The input Start Marker

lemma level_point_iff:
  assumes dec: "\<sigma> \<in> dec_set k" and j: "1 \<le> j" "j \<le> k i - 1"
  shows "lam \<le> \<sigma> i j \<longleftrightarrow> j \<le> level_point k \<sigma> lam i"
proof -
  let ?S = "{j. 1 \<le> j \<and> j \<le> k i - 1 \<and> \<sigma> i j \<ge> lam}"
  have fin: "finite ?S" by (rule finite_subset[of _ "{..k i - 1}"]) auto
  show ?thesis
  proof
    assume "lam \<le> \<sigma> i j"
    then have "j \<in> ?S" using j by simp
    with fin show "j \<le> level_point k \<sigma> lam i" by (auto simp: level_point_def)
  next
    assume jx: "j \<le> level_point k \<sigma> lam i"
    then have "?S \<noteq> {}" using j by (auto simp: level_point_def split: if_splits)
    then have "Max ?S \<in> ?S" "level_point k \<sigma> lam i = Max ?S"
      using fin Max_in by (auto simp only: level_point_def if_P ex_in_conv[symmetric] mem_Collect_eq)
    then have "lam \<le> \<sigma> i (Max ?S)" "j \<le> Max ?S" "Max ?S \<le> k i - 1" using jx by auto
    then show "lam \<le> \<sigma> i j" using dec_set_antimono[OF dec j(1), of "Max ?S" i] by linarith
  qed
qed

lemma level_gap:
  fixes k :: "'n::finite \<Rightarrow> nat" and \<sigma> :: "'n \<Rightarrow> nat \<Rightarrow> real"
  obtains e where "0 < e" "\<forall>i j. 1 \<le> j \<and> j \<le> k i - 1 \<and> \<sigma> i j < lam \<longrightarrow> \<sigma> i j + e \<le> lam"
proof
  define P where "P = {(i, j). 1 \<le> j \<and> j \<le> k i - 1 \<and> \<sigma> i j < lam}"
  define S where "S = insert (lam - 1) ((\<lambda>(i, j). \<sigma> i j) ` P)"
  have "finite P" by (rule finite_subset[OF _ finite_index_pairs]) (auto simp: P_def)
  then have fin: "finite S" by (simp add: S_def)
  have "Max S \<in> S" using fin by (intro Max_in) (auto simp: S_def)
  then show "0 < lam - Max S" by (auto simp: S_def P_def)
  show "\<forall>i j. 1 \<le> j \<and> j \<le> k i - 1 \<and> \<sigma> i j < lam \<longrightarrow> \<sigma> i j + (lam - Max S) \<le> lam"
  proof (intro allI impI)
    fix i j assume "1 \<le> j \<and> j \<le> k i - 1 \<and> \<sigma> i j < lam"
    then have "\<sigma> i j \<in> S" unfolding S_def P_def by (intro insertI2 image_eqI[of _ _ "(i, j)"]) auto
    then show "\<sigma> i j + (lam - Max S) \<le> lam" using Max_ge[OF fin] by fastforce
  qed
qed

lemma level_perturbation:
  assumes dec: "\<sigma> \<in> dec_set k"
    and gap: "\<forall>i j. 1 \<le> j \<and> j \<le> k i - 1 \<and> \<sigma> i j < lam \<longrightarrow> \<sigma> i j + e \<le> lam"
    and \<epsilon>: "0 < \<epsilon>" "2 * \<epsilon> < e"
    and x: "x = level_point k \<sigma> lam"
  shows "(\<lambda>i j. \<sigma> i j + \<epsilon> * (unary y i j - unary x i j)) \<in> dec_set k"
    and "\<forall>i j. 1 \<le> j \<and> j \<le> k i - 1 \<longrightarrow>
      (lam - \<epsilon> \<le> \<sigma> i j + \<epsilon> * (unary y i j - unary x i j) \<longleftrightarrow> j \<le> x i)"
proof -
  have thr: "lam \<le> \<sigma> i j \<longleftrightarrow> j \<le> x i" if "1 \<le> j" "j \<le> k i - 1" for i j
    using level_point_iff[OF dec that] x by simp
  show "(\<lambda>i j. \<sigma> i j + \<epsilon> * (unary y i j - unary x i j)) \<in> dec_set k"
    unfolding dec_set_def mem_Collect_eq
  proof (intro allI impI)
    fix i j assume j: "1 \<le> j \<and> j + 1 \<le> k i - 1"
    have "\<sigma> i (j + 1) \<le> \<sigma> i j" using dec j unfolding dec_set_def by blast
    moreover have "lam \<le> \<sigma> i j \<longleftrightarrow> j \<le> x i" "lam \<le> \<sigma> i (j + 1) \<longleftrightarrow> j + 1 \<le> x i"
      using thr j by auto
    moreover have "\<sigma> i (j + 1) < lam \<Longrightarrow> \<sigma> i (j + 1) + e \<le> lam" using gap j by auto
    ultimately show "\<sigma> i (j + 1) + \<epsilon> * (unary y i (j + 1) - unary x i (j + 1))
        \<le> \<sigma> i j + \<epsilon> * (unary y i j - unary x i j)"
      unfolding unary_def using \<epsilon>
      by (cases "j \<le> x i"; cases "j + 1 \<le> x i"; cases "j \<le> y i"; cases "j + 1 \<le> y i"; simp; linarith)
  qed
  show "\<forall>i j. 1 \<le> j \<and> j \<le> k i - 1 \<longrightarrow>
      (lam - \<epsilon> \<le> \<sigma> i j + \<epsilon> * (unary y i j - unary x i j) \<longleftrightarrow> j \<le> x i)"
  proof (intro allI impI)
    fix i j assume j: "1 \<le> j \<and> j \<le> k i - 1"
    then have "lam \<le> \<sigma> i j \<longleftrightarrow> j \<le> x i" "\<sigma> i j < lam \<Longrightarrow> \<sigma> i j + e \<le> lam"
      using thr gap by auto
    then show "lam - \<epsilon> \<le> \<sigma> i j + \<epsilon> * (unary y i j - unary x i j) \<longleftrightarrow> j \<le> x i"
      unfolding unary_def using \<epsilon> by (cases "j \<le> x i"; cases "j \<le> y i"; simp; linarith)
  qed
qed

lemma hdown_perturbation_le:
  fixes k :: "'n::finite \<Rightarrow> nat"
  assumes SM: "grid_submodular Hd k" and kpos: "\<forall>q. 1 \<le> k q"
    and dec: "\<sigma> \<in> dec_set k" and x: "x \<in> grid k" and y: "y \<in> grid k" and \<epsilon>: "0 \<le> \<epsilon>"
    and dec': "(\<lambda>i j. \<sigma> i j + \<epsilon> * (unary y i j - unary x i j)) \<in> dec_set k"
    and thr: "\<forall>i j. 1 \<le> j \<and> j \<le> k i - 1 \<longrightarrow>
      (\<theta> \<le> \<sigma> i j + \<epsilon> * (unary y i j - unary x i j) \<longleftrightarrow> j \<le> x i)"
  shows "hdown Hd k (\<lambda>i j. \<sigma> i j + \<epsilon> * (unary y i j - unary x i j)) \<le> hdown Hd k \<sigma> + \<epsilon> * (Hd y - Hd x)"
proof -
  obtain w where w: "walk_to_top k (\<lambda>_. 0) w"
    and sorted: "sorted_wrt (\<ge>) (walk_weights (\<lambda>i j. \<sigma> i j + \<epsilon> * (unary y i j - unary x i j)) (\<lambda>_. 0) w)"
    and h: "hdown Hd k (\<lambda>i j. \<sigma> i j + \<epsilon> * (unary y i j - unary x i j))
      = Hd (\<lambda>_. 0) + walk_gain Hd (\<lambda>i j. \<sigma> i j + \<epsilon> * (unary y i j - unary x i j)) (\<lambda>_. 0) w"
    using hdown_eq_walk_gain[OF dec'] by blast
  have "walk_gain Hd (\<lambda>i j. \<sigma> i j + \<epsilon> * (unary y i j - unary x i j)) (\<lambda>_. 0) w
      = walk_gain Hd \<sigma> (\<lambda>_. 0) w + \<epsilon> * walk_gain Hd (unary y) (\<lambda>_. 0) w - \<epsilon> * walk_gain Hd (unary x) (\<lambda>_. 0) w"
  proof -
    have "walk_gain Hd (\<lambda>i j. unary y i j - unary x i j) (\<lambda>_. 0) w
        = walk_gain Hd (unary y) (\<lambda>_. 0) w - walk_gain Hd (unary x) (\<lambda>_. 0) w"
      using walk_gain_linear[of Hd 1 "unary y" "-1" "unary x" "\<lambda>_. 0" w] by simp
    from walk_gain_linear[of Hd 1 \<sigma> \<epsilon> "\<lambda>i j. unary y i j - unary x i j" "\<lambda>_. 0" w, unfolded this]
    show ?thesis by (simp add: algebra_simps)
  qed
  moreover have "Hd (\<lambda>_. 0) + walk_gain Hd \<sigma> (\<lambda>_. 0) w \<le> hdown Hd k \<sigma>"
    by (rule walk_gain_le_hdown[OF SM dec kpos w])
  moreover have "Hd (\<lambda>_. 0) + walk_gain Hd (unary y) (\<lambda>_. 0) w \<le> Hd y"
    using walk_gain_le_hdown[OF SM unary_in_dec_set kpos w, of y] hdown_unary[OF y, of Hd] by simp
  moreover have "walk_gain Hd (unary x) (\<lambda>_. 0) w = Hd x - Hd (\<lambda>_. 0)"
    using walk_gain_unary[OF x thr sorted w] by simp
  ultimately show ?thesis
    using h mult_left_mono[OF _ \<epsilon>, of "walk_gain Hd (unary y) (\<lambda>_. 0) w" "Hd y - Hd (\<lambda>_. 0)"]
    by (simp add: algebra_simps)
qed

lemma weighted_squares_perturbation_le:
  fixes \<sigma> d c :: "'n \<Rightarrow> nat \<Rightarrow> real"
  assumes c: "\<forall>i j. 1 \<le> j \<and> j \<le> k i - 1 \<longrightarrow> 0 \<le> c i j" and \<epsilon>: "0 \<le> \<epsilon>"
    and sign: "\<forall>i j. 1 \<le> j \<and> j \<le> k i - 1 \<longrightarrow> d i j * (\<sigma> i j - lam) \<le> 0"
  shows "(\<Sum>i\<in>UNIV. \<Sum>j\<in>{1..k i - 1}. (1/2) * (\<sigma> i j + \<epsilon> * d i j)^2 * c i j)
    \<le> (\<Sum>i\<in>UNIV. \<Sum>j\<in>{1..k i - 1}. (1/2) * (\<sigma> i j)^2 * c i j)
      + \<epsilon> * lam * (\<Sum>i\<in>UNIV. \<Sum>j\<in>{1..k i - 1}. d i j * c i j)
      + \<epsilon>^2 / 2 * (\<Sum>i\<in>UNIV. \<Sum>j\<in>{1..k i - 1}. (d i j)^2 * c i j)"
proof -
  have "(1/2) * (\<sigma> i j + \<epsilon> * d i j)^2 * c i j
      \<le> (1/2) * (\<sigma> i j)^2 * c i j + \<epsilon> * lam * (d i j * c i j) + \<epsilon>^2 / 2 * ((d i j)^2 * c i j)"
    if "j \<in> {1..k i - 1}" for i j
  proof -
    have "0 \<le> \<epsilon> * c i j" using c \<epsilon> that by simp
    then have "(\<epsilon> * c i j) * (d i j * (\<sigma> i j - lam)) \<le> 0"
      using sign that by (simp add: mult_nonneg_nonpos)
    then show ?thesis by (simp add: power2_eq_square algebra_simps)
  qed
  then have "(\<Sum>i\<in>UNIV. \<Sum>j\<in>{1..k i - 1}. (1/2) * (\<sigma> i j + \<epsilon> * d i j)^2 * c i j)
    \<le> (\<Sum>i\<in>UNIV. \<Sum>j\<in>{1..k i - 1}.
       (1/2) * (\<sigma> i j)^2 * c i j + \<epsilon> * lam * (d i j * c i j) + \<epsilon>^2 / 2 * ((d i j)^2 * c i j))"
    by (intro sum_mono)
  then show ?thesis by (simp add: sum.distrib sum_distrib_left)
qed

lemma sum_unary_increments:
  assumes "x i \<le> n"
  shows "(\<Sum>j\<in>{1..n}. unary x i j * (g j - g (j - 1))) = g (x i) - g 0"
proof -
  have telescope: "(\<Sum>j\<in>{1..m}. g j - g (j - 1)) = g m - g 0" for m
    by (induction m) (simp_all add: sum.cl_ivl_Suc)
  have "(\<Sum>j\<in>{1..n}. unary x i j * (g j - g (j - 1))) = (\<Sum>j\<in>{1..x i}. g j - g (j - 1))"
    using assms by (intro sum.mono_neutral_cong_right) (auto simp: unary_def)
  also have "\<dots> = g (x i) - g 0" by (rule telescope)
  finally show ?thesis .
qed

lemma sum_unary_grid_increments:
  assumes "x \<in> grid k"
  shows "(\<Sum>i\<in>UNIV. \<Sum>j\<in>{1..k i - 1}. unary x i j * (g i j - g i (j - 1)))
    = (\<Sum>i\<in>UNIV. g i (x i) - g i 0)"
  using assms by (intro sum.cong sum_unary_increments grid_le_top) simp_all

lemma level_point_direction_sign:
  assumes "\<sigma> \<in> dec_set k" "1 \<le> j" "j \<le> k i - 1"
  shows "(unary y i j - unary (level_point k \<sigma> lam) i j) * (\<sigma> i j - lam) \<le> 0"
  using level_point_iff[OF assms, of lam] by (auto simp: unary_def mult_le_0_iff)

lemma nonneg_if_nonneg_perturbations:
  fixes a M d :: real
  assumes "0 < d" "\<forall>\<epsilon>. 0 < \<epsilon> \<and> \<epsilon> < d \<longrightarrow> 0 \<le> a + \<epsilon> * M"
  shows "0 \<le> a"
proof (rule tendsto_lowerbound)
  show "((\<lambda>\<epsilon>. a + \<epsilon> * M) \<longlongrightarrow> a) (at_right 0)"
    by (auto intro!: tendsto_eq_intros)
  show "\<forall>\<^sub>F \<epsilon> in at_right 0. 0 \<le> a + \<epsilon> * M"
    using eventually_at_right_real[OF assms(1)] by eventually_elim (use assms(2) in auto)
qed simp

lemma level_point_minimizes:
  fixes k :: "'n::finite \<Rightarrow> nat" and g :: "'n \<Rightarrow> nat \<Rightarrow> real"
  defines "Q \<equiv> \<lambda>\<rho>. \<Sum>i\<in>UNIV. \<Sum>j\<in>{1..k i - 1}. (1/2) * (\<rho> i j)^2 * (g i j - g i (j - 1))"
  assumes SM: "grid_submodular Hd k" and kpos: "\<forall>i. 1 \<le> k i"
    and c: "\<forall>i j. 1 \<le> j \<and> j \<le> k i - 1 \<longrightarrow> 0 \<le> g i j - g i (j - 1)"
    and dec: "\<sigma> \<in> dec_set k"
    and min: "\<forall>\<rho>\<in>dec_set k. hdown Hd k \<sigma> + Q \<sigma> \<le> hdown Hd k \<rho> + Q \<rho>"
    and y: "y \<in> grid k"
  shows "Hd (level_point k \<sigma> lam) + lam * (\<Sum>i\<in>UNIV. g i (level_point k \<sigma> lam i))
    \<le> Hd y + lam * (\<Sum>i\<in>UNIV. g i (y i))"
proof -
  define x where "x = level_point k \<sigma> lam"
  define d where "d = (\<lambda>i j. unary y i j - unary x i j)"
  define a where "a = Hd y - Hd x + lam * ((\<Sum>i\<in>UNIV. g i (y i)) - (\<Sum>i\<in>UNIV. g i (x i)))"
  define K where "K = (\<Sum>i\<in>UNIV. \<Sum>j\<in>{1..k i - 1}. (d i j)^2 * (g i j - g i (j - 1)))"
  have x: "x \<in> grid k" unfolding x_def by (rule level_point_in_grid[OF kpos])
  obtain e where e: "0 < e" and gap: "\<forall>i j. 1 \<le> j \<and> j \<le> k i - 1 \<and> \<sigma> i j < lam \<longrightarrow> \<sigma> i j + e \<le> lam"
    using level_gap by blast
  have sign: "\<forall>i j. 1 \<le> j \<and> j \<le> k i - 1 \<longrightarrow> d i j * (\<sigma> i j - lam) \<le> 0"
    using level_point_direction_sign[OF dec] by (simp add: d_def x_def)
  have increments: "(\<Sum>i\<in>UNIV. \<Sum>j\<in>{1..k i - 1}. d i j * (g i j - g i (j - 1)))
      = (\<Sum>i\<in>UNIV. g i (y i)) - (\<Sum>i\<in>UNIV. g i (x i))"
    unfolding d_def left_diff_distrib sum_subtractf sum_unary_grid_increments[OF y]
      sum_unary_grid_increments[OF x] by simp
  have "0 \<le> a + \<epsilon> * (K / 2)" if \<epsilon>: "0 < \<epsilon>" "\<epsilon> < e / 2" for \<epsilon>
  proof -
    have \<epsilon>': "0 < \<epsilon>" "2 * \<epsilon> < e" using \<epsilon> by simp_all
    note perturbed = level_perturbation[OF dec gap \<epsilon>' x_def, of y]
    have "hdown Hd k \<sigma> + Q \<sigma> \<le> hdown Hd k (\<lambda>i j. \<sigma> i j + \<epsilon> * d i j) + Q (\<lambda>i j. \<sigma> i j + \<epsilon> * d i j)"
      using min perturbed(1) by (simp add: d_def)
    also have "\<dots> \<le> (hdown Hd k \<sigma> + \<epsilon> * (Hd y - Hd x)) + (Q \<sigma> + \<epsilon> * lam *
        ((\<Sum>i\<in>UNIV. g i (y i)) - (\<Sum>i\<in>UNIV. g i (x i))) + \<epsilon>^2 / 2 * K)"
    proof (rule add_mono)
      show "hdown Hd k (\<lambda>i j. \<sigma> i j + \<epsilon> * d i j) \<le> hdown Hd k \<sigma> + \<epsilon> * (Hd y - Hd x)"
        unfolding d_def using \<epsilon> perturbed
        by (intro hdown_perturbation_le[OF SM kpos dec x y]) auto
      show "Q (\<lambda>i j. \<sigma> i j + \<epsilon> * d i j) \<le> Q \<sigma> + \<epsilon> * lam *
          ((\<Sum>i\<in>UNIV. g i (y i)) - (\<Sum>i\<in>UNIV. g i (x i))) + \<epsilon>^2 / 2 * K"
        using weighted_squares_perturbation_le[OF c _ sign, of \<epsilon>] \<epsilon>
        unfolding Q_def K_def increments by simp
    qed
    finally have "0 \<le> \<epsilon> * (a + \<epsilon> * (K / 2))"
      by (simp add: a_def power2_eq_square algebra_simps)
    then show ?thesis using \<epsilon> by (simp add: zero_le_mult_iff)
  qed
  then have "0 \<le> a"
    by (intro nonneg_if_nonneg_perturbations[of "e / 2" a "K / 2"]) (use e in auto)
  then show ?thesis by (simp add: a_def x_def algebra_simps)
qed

The input End Marker
The input Start Marker

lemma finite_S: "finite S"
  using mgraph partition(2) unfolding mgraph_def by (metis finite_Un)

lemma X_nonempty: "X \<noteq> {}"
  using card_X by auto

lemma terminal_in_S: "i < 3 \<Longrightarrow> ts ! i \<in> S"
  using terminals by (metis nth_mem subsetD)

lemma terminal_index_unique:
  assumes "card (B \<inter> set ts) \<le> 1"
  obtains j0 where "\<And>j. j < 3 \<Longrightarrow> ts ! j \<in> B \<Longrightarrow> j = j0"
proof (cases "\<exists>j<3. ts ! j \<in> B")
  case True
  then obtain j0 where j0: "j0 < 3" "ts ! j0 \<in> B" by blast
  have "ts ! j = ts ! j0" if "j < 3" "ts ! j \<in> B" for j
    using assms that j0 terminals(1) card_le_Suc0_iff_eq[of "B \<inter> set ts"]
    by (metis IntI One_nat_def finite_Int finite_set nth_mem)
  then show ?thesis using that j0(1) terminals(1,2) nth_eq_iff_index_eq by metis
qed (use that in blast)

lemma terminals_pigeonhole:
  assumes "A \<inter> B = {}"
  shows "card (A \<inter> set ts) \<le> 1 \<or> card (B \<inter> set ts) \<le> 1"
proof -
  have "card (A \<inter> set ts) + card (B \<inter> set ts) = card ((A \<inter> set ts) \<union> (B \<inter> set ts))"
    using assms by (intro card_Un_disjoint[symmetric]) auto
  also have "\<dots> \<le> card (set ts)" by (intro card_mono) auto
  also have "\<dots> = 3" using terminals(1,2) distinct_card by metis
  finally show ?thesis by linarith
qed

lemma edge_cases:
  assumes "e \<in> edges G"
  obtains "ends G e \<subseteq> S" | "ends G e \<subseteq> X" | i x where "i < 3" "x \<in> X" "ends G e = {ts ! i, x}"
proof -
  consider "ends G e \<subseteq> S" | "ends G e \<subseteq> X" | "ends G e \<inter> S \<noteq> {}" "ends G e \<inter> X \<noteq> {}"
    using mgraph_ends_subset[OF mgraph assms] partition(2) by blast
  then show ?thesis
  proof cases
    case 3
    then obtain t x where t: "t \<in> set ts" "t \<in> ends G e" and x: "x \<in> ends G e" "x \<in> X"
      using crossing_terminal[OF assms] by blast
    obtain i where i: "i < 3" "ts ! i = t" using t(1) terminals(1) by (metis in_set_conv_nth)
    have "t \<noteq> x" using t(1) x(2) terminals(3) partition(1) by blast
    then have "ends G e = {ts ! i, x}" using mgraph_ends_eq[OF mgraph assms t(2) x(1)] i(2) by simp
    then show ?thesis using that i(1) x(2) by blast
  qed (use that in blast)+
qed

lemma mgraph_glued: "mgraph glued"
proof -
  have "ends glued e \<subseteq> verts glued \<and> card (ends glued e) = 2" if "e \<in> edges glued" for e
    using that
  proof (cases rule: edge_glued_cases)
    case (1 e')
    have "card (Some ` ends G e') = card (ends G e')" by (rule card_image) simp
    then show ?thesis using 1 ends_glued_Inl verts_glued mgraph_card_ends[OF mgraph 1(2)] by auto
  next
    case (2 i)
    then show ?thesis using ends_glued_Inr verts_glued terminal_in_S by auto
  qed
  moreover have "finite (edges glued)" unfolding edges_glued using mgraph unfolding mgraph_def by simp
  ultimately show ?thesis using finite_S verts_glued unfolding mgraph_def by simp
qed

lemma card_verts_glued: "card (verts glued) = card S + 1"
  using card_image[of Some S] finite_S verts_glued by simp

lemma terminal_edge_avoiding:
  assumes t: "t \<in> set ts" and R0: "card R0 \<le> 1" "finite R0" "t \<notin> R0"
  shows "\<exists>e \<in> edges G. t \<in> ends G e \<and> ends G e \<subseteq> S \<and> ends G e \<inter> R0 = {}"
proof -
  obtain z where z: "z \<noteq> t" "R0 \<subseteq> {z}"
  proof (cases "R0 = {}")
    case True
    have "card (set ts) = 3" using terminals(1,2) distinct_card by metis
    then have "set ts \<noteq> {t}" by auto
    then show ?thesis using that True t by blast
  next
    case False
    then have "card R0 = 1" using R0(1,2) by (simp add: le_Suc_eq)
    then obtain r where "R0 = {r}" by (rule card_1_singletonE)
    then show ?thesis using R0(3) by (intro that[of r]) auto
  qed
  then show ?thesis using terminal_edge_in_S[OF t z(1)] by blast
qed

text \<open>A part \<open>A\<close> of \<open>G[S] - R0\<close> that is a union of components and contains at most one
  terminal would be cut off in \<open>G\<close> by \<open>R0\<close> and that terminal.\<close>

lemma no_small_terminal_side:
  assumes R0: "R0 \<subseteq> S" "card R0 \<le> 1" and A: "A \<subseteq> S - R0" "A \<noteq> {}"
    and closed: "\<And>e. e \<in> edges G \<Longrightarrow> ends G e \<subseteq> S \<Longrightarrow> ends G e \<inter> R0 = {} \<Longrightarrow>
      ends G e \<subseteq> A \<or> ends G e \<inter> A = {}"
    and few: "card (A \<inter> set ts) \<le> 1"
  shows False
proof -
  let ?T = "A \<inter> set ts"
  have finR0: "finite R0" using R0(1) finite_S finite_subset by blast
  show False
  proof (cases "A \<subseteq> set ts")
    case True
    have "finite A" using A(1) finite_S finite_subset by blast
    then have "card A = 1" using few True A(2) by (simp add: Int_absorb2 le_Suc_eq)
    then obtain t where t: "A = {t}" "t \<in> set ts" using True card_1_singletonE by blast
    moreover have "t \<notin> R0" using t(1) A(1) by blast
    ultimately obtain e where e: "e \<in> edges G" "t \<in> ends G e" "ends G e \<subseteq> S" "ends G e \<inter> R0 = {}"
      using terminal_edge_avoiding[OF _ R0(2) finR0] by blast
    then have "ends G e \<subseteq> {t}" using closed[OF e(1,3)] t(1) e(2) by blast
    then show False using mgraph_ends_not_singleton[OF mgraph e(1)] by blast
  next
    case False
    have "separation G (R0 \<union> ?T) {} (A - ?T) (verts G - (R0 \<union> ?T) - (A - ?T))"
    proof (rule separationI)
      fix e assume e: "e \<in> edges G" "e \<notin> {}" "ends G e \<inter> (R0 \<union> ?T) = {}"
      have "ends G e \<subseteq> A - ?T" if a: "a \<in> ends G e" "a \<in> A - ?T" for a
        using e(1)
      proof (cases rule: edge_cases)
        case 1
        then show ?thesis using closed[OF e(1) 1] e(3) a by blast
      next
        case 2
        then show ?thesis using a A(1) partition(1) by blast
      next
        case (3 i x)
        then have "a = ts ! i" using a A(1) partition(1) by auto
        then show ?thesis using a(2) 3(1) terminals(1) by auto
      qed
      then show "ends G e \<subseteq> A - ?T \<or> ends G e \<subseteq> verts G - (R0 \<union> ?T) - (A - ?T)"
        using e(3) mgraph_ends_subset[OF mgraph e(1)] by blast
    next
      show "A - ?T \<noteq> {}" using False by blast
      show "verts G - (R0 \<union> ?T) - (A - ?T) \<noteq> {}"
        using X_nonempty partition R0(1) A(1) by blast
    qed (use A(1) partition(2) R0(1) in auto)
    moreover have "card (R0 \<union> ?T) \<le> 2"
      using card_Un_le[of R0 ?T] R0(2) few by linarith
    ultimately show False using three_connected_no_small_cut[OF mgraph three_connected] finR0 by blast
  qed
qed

The input End Marker

### Assignment
From the material above, please return each line containing "ultimately".

### Reply to the exercise
    ultimately show "\<sigma> i (j + 1) + \<epsilon> * (unary y i (j + 1) - unary x i (j + 1))
  ultimately show ?thesis
  ultimately show ?thesis using finite_S verts_glued unfolding mgraph_def by simp
    ultimately obtain e where e: "e \<in> edges G" "t \<in> ends G e" "ends G e \<subseteq> S" "ends G e \<inter> R0 = {}"
    ultimately show False using three_connected_no_small_cut[OF mgraph three_connected] finR0 by blast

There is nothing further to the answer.